**THE RECORDS**
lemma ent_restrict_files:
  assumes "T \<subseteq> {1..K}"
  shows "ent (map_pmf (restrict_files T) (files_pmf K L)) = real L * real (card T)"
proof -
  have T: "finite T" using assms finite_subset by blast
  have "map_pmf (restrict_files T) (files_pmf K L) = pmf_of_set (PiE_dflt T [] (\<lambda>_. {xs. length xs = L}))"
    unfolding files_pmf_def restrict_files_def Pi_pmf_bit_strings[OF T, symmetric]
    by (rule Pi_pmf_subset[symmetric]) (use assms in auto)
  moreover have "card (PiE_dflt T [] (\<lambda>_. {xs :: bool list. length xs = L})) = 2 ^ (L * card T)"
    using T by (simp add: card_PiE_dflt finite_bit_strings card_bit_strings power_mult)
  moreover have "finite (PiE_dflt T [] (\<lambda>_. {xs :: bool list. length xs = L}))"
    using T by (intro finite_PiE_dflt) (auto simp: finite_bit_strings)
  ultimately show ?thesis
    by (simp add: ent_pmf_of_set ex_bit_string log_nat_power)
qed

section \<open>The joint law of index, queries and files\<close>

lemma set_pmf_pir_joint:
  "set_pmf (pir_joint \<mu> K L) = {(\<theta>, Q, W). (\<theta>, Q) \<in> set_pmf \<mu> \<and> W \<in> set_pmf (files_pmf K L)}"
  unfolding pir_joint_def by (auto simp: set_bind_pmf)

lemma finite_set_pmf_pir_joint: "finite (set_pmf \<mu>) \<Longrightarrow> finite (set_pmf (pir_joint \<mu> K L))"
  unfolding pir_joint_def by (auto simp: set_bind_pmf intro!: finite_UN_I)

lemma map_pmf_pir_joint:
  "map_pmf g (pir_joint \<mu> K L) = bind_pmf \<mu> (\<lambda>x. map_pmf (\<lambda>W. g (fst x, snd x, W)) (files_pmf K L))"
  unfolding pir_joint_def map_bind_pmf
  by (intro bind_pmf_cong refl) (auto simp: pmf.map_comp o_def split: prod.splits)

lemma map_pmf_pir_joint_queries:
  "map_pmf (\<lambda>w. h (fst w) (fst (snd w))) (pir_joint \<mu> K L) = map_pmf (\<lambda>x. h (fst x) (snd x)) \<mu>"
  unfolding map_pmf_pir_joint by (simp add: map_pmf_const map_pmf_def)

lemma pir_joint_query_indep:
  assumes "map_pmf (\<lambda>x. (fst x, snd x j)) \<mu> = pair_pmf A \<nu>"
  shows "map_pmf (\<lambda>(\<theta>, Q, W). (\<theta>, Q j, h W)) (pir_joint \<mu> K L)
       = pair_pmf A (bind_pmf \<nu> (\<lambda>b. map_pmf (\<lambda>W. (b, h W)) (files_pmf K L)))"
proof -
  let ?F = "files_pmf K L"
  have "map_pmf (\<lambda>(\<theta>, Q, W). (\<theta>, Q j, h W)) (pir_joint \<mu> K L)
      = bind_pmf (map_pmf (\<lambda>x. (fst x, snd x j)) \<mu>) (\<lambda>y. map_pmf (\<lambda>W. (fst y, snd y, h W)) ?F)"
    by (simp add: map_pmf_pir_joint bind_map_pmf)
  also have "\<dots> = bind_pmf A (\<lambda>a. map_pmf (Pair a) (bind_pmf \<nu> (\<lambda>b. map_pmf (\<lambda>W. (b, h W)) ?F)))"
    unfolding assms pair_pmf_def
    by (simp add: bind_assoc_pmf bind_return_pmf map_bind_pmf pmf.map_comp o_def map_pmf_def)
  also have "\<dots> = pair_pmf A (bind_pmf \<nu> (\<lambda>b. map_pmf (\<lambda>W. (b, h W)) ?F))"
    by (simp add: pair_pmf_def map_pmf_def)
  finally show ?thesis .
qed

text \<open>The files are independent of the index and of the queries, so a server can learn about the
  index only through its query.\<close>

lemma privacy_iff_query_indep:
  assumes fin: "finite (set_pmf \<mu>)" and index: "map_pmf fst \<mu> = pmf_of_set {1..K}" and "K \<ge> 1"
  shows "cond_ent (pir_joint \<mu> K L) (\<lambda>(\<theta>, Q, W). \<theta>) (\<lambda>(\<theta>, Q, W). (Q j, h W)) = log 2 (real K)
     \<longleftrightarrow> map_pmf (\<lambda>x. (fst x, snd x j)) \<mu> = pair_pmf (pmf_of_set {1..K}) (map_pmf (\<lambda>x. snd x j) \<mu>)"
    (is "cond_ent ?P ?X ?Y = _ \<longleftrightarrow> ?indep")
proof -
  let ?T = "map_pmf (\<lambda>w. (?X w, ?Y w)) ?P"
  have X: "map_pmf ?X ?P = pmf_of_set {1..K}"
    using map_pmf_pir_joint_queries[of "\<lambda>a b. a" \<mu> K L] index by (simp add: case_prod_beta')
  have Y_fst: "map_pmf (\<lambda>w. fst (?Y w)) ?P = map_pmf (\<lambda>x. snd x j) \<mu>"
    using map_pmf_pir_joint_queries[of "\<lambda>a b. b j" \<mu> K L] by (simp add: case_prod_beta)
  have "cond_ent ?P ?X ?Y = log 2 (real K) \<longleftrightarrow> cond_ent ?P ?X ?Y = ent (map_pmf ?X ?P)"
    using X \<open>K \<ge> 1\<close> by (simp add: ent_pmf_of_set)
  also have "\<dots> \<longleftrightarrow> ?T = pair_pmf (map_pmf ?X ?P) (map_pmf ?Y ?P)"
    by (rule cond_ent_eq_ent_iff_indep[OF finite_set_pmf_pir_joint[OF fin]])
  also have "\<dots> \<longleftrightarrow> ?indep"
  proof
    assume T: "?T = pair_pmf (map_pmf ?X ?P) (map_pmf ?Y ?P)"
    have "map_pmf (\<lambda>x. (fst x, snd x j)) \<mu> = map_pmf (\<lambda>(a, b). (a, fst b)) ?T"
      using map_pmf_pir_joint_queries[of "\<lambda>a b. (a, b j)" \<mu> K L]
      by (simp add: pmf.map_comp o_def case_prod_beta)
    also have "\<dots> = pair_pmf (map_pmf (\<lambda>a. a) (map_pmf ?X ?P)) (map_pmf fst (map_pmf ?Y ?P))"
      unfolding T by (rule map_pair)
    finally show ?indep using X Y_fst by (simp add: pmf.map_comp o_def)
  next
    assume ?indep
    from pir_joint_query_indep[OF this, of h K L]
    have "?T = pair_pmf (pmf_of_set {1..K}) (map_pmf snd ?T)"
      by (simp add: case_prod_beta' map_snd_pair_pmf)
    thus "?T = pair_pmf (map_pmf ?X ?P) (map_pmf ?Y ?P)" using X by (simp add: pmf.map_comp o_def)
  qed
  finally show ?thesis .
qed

**YOUR TASK**
Write all the data out again, word for word.

**TASK SOLUTION**
lemma ent_restrict_files:
  assumes "T \<subseteq> {1..K}"
  shows "ent (map_pmf (restrict_files T) (files_pmf K L)) = real L * real (card T)"
proof -
  have T: "finite T" using assms finite_subset by blast
  have "map_pmf (restrict_files T) (files_pmf K L) = pmf_of_set (PiE_dflt T [] (\<lambda>_. {xs. length xs = L}))"
    unfolding files_pmf_def restrict_files_def Pi_pmf_bit_strings[OF T, symmetric]
    by (rule Pi_pmf_subset[symmetric]) (use assms in auto)
  moreover have "card (PiE_dflt T [] (\<lambda>_. {xs :: bool list. length xs = L})) = 2 ^ (L * card T)"
    using T by (simp add: card_PiE_dflt finite_bit_strings card_bit_strings power_mult)
  moreover have "finite (PiE_dflt T [] (\<lambda>_. {xs :: bool list. length xs = L}))"
    using T by (intro finite_PiE_dflt) (auto simp: finite_bit_strings)
  ultimately show ?thesis
    by (simp add: ent_pmf_of_set ex_bit_string log_nat_power)
qed

section \<open>The joint law of index, queries and files\<close>

lemma set_pmf_pir_joint:
  "set_pmf (pir_joint \<mu> K L) = {(\<theta>, Q, W). (\<theta>, Q) \<in> set_pmf \<mu> \<and> W \<in> set_pmf (files_pmf K L)}"
  unfolding pir_joint_def by (auto simp: set_bind_pmf)

lemma finite_set_pmf_pir_joint: "finite (set_pmf \<mu>) \<Longrightarrow> finite (set_pmf (pir_joint \<mu> K L))"
  unfolding pir_joint_def by (auto simp: set_bind_pmf intro!: finite_UN_I)

lemma map_pmf_pir_joint:
  "map_pmf g (pir_joint \<mu> K L) = bind_pmf \<mu> (\<lambda>x. map_pmf (\<lambda>W. g (fst x, snd x, W)) (files_pmf K L))"
  unfolding pir_joint_def map_bind_pmf
  by (intro bind_pmf_cong refl) (auto simp: pmf.map_comp o_def split: prod.splits)

lemma map_pmf_pir_joint_queries:
  "map_pmf (\<lambda>w. h (fst w) (fst (snd w))) (pir_joint \<mu> K L) = map_pmf (\<lambda>x. h (fst x) (snd x)) \<mu>"
  unfolding map_pmf_pir_joint by (simp add: map_pmf_const map_pmf_def)

lemma pir_joint_query_indep:
  assumes "map_pmf (\<lambda>x. (fst x, snd x j)) \<mu> = pair_pmf A \<nu>"
  shows "map_pmf (\<lambda>(\<theta>, Q, W). (\<theta>, Q j, h W)) (pir_joint \<mu> K L)
       = pair_pmf A (bind_pmf \<nu> (\<lambda>b. map_pmf (\<lambda>W. (b, h W)) (files_pmf K L)))"
proof -
  let ?F = "files_pmf K L"
  have "map_pmf (\<lambda>(\<theta>, Q, W). (\<theta>, Q j, h W)) (pir_joint \<mu> K L)
      = bind_pmf (map_pmf (\<lambda>x. (fst x, snd x j)) \<mu>) (\<lambda>y. map_pmf (\<lambda>W. (fst y, snd y, h W)) ?F)"
    by (simp add: map_pmf_pir_joint bind_map_pmf)
  also have "\<dots> = bind_pmf A (\<lambda>a. map_pmf (Pair a) (bind_pmf \<nu> (\<lambda>b. map_pmf (\<lambda>W. (b, h W)) ?F)))"
    unfolding assms pair_pmf_def
    by (simp add: bind_assoc_pmf bind_return_pmf map_bind_pmf pmf.map_comp o_def map_pmf_def)
  also have "\<dots> = pair_pmf A (bind_pmf \<nu> (\<lambda>b. map_pmf (\<lambda>W. (b, h W)) ?F))"
    by (simp add: pair_pmf_def map_pmf_def)
  finally show ?thesis .
qed

text \<open>The files are independent of the index and of the queries, so a server can learn about the
  index only through its query.\<close>

lemma privacy_iff_query_indep:
  assumes fin: "finite (set_pmf \<mu>)" and index: "map_pmf fst \<mu> = pmf_of_set {1..K}" and "K \<ge> 1"
  shows "cond_ent (pir_joint \<mu> K L) (\<lambda>(\<theta>, Q, W). \<theta>) (\<lambda>(\<theta>, Q, W). (Q j, h W)) = log 2 (real K)
     \<longleftrightarrow> map_pmf (\<lambda>x. (fst x, snd x j)) \<mu> = pair_pmf (pmf_of_set {1..K}) (map_pmf (\<lambda>x. snd x j) \<mu>)"
    (is "cond_ent ?P ?X ?Y = _ \<longleftrightarrow> ?indep")
proof -
  let ?T = "map_pmf (\<lambda>w. (?X w, ?Y w)) ?P"
  have X: "map_pmf ?X ?P = pmf_of_set {1..K}"
    using map_pmf_pir_joint_queries[of "\<lambda>a b. a" \<mu> K L] index by (simp add: case_prod_beta')
  have Y_fst: "map_pmf (\<lambda>w. fst (?Y w)) ?P = map_pmf (\<lambda>x. snd x j) \<mu>"
    using map_pmf_pir_joint_queries[of "\<lambda>a b. b j" \<mu> K L] by (simp add: case_prod_beta)
  have "cond_ent ?P ?X ?Y = log 2 (real K) \<longleftrightarrow> cond_ent ?P ?X ?Y = ent (map_pmf ?X ?P)"
    using X \<open>K \<ge> 1\<close> by (simp add: ent_pmf_of_set)
  also have "\<dots> \<longleftrightarrow> ?T = pair_pmf (map_pmf ?X ?P) (map_pmf ?Y ?P)"
    by (rule cond_ent_eq_ent_iff_indep[OF finite_set_pmf_pir_joint[OF fin]])
  also have "\<dots> \<longleftrightarrow> ?indep"
  proof
    assume T: "?T = pair_pmf (map_pmf ?X ?P) (map_pmf ?Y ?P)"
    have "map_pmf (\<lambda>x. (fst x, snd x j)) \<mu> = map_pmf (\<lambda>(a, b). (a, fst b)) ?T"
      using map_pmf_pir_joint_queries[of "\<lambda>a b. (a, b j)" \<mu> K L]
      by (simp add: pmf.map_comp o_def case_prod_beta)
    also have "\<dots> = pair_pmf (map_pmf (\<lambda>a. a) (map_pmf ?X ?P)) (map_pmf fst (map_pmf ?Y ?P))"
      unfolding T by (rule map_pair)
    finally show ?indep using X Y_fst by (simp add: pmf.map_comp o_def)
  next
    assume ?indep
    from pir_joint_query_indep[OF this, of h K L]
    have "?T = pair_pmf (pmf_of_set {1..K}) (map_pmf snd ?T)"
      by (simp add: case_prod_beta' map_snd_pair_pmf)
    thus "?T = pair_pmf (map_pmf ?X ?P) (map_pmf ?Y ?P)" using X by (simp add: pmf.map_comp o_def)
  qed
  finally show ?thesis .
qed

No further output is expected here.